Having come to this conclusion, it only remains to inquire whether the words in the act of 1828 "the proceedings thereupon" (that is, on executions) embrace as a part of those proceedings, the rights of an imprisoned debtor to have the privilege of the jail limits? Upon this question we are relieved from the necessity of argument by the decisions of this Court.

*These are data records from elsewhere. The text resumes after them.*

(* For every $\alpha\in\Lambda$, the $*$-representation $\pi_\alpha$ of $W$ on $H_\alpha$ is irreducible.
   Context: Fix $d\ge 2$ and complex numbers $q_{ij}$, $1\le i\ne j\le d$, with $|q_{ij}|<1$ and $q_{ij}=\overline{q_{ji}}$. Let $W$ be the universal $C^*$-algebra generated by $s_1,\dots,s_d$ subject to $s_i^*s_i=I$ and $s_i^*s_j=q_{ij}s_js_i^*$ for $i\ne j$. Let $\Lambda_m=\{1,\dots,d\}^m$ ($\Lambda_0=\{\emptyset\}$), $\Lambda^0=\bigcup_m\Lambda_m$, $\Lambda=\{1,\dots,d\}^{\mathbb N}$; $s_\alpha=s_{\alpha_1}\cdots s_{\alpha_m}$, $s_\emptyset=I$. Shifts: $\sigma(\beta_1,\beta_2,\dots)=(\beta_2,\dots)$, $\sigma_j(\beta_1,\beta_2,\dots)=(j,\beta_1,\beta_2,\dots)$. $\beta\sim\alpha$ means $\sigma^m(\beta)=\sigma^n(\alpha)$ for some $m,n\ge0$. Fock representation: $\pi_F$ on $\mathcal F$ with unit vector $\Omega$, $\pi_F(s_j)^*\Omega=0$, and $\pi_F(s_\gamma)\Omega$, $\gamma\in\Lambda^0$, spanning a dense subspace. For $\gamma,\beta\in\Lambda_m$, $q(\gamma,\beta)=\langle\pi_F(s_\gamma)^*\pi_F(s_\beta)\Omega,\Omega\rangle$; for infinite $\gamma,\beta$, $q(\gamma,\beta)=\lim_m q((\gamma_1,\dots,\gamma_m),(\beta_1,\dots,\beta_m))$. $H_\alpha$ is the Hilbert space completion of the span of formal vectors $e_\beta$, $\beta\sim\alpha$, with respect to the positive form $(e_\beta,e_\gamma)=q(\gamma,\beta)$. The representation $\pi_\alpha$ of $W$ on $H_\alpha$ is given by $\pi_\alpha(s_j)e_\beta=e_{\sigma_j(\beta)}$, and $\pi_\alpha(s_j)^*e_\beta=0$ if $\beta$ does not contain $j$, $\pi_\alpha(s_j)^*e_\beta=q(j,\beta)e_{\beta\setminus j}$ otherwise, where for $\beta=(\beta'j\beta'')$ with $\beta'=(\beta'_1,\dots,\beta'_r)$ not containing $j$, $q(j,\beta)=q_{j\beta'_1}\cdots q_{j\beta'_r}$ and $\beta\setminus j=(\beta'\beta'')$. *)

theory Defs
  imports "HOL-Analysis.Analysis"
begin

definition inf_words :: "nat \<Rightarrow> (nat \<Rightarrow> nat) set" where
  "inf_words d = {\<beta>. \<forall>k. \<beta> k \<in> {1..d}}"

definition shift :: "(nat \<Rightarrow> nat) \<Rightarrow> (nat \<Rightarrow> nat)" where
  "shift \<beta> = (\<lambda>k. \<beta> (Suc k))"

definition shift_in :: "nat \<Rightarrow> (nat \<Rightarrow> nat) \<Rightarrow> (nat \<Rightarrow> nat)" where
  "shift_in j \<beta> = (\<lambda>k. if k = 0 then j else \<beta> (k - 1))"

definition tail_equiv :: "(nat \<Rightarrow> nat) \<Rightarrow> (nat \<Rightarrow> nat) \<Rightarrow> bool" where
  "tail_equiv \<beta> \<alpha> \<longleftrightarrow> (\<exists>m n. (shift ^^ m) \<beta> = (shift ^^ n) \<alpha>)"

fun qone :: "(nat \<Rightarrow> nat \<Rightarrow> complex) \<Rightarrow> nat \<Rightarrow> nat list \<Rightarrow> complex" where
  "qone qq j [] = 1"
| "qone qq j (b # \<beta>) = (if b = j then 1 else qq j b * qone qq j \<beta>)"

text \<open>q(\<gamma>,\<beta>) = \<langle>\<pi>_F(s_\<gamma>)^* \<pi>_F(s_\<beta>)\<Omega>,\<Omega>\<rangle> for finite words, as forced by the relations
 s_j^* s_j = I, s_j^* s_b = q_{jb} s_b s_j^* (b \<noteq> j) and s_j^*\<Omega> = 0:
 s_j^* s_\<beta>\<Omega> = q(j,\<beta>) s_{\<beta>\j}\<Omega> if j occurs in \<beta>, and 0 otherwise.\<close>
fun qfin :: "(nat \<Rightarrow> nat \<Rightarrow> complex) \<Rightarrow> nat list \<Rightarrow> nat list \<Rightarrow> complex" where
  "qfin qq [] [] = 1"
| "qfin qq [] (b # \<beta>) = 0"
| "qfin qq (j # \<gamma>) \<beta> =
     (if j \<in> set \<beta> then qone qq j \<beta> * qfin qq \<gamma> (remove1 j \<beta>) else 0)"

definition prefix :: "nat \<Rightarrow> (nat \<Rightarrow> nat) \<Rightarrow> nat list" where
  "prefix m \<beta> = map \<beta> [0..<m]"

definition qinf :: "(nat \<Rightarrow> nat \<Rightarrow> complex) \<Rightarrow> (nat \<Rightarrow> nat) \<Rightarrow> (nat \<Rightarrow> nat) \<Rightarrow> complex" where
  "qinf qq \<gamma> \<beta> = lim (\<lambda>m. qfin qq (prefix m \<gamma>) (prefix m \<beta>))"

definition contains :: "nat \<Rightarrow> (nat \<Rightarrow> nat) \<Rightarrow> bool" where
  "contains j \<beta> \<longleftrightarrow> (\<exists>k. \<beta> k = j)"

definition first_occ :: "nat \<Rightarrow> (nat \<Rightarrow> nat) \<Rightarrow> nat" where
  "first_occ j \<beta> = (LEAST k. \<beta> k = j)"

definition qone_inf :: "(nat \<Rightarrow> nat \<Rightarrow> complex) \<Rightarrow> nat \<Rightarrow> (nat \<Rightarrow> nat) \<Rightarrow> complex" where
  "qone_inf qq j \<beta> = (\<Prod>i<first_occ j \<beta>. qq j (\<beta> i))"

definition remove_first :: "nat \<Rightarrow> (nat \<Rightarrow> nat) \<Rightarrow> (nat \<Rightarrow> nat)" where
  "remove_first j \<beta> = (\<lambda>n. if n < first_occ j \<beta> then \<beta> n else \<beta> (Suc n))"

text \<open>A complex Hilbert space is encoded as a real Hilbert space ('h :: {real_inner, complete_space})
together with a real-linear orthogonal map J with J(J x) = -x (multiplication by i).\<close>
definition complex_structure :: "('h::real_inner \<Rightarrow> 'h) \<Rightarrow> bool" where
  "complex_structure J \<longleftrightarrow> linear J \<and> (\<forall>x. J (J x) = - x) \<and> (\<forall>x y. inner (J x) (J y) = inner x y)"

definition cscale :: "('h::real_vector \<Rightarrow> 'h) \<Rightarrow> complex \<Rightarrow> 'h \<Rightarrow> 'h" where
  "cscale J c x = Re c *\<^sub>R x + Im c *\<^sub>R J x"

text \<open>Complex inner product, linear in the first and conjugate-linear in the second argument.\<close>
definition cinner :: "('h::real_inner \<Rightarrow> 'h) \<Rightarrow> 'h \<Rightarrow> 'h \<Rightarrow> complex" where
  "cinner J x y = Complex (inner x y) (inner x (J y))"

definition closed_csubspace :: "('h::real_inner \<Rightarrow> 'h) \<Rightarrow> 'h set \<Rightarrow> bool" where
  "closed_csubspace J K \<longleftrightarrow> subspace K \<and> closed K \<and> J ` K \<subseteq> K"

definition bounded_clinear :: "('h::real_inner \<Rightarrow> 'h) \<Rightarrow> ('h \<Rightarrow> 'h) \<Rightarrow> bool" where
  "bounded_clinear J T \<longleftrightarrow> bounded_linear T \<and> (\<forall>x. T (J x) = J (T x))"

definition cspan :: "('h::real_inner \<Rightarrow> 'h) \<Rightarrow> 'h set \<Rightarrow> 'h set" where
  "cspan J A = span (A \<union> J ` A)"

end

theory Submission
  imports Defs
begin

text \<open>Since T_j is the adjoint of S_j (which comes down to a recursion for the coefficients q(\<gamma>, \<beta>)),
  the orthogonal complement of an invariant closed subspace K is invariant as well. The operators
  V_n = \<pi>_\<alpha>(s_(\<alpha>_1 ... \<alpha>_n)) \<pi>_\<alpha>(s_(\<alpha>_1 ... \<alpha>_n))^* fix e_\<alpha> and preserve K and its complement, so they fix the
  component of e_\<alpha> in K. A vector fixed by all V_n is a multiple of e_\<alpha>: deleting \<alpha>_1, ..., \<alpha>_n from
  \<gamma> one letter at a time either eventually just shifts \<gamma> onto a tail of \<alpha>, or every mismatch costs a
  factor max |q_ij| < 1 and the coefficient of V_n e_\<gamma> tends to 0. Hence e_\<alpha> lies in K or in its complement.
  Finally e_\<alpha> is cyclic: the adjoints take it to every e_(\<sigma>^n \<alpha>), and the S_j rebuild from these every
  e_\<gamma> with \<gamma> \<sim> \<alpha>.\<close>

section \<open>Orthogonal decomposition in real Hilbert spaces\<close>

lemma closed_orthogonal_comp: "closed (W\<^sup>\<bottom>)"
proof -
  have "W\<^sup>\<bottom> = (\<Inter>y\<in>W. {x. inner y x = 0})"
    by (auto simp: orthogonal_comp_def orthogonal_def)
  then show ?thesis
    by (simp add: closed_INT closed_Collect_eq continuous_on_inner continuous_on_const continuous_on_id)
qed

In the case of Wayman v. Southard, 10 Wheat. 1, this Court was expounding the meaning of the words, "modes of proceeding," in the process act of 1792, and the question was whether these words included "proceedings on executions." It decided that they did, but the act of 1828, passed after the decision of the case of Wayman v. Southard, adopted the very terms "proceedings on executions" because the expression is, "proceedings thereupon," referring to executions, which had just preceded it. And the reasoning of the Court in Wayman v. Southard proves clearly that these last words would include proceedings by debtors to obtain the privilege of the jail liberties. In the same case of Wayman v. Southard it was objected that the process act of 1792 ought not to be construed as embracing the proceedings on executions, because if it did it would furnish the rule as well for writs of capias ad satisfaciendum, as of fieri facias, and that the marshal would be as much bound to allow a prisoner the benefit of the rules under the Act of Congress of 1800 as to sell upon the notice, and on the credit prescribed by the state laws, and that as the act of 1800 had, by separate and distinct legislation, provided for the jail limits, Congress could not be supposed to have provided for the same subjects in the process act. But the Court considered this separate provision as to the jail limits merely as a cumulative act of legislation with a view to remove doubts that might have arisen from the jails in which prisoners were confined not belonging to the United States. And this answers the argument urged at the bar upon the ground of the several acts which especially provided for jail liberties, against the construction of the act of 1828, which would extend to embrace the privilege of jail liberties, within the terms, "proceedings thereupon" -- that is, on executions. In Beers v. Houghton, 9 Pet. 362, this Court, in construing this very act of 1828, said

"The words 'the proceedings on writs of execution, and other final process' must from their very import be construed to include all the laws which regulate the rights, duties and conduct of officers in the service of such process, according to the exigency, upon the person, or property of the execution debtor, and also all the exemptions from arrest or imprisonment under each process created by those laws."

This quotation covers the whole ground of controversy, on the effect of these words "proceedings thereupon." We are of opinion, therefore, that the act of 1828 gives to debtors imprisoned under executions from the courts of the United States at the suit of the chanrobles.com-red

Page 39 U. S. 317

United States the privilege of the jail limits in the several states as they were fixed by the laws of the several states at the date of that act.

We give no opinion whether that act would extend so far as to enable the imprisoned debtors of the United States to avail themselves of the benefit of the insolvent laws of the states, as the question does not arise in this case.

Upon the whole view of the case, we think the judgment of the circuit court correct, and it is therefore

Affirmed.

This cause came on to be heard on the transcript of the record from the Circuit Court of the United States for the District of Maine and was argued by counsel. On consideration whereof it is now here ordered and adjudged by this Court that the judgment of the said circuit court in this cause be and the same is hereby affirmed.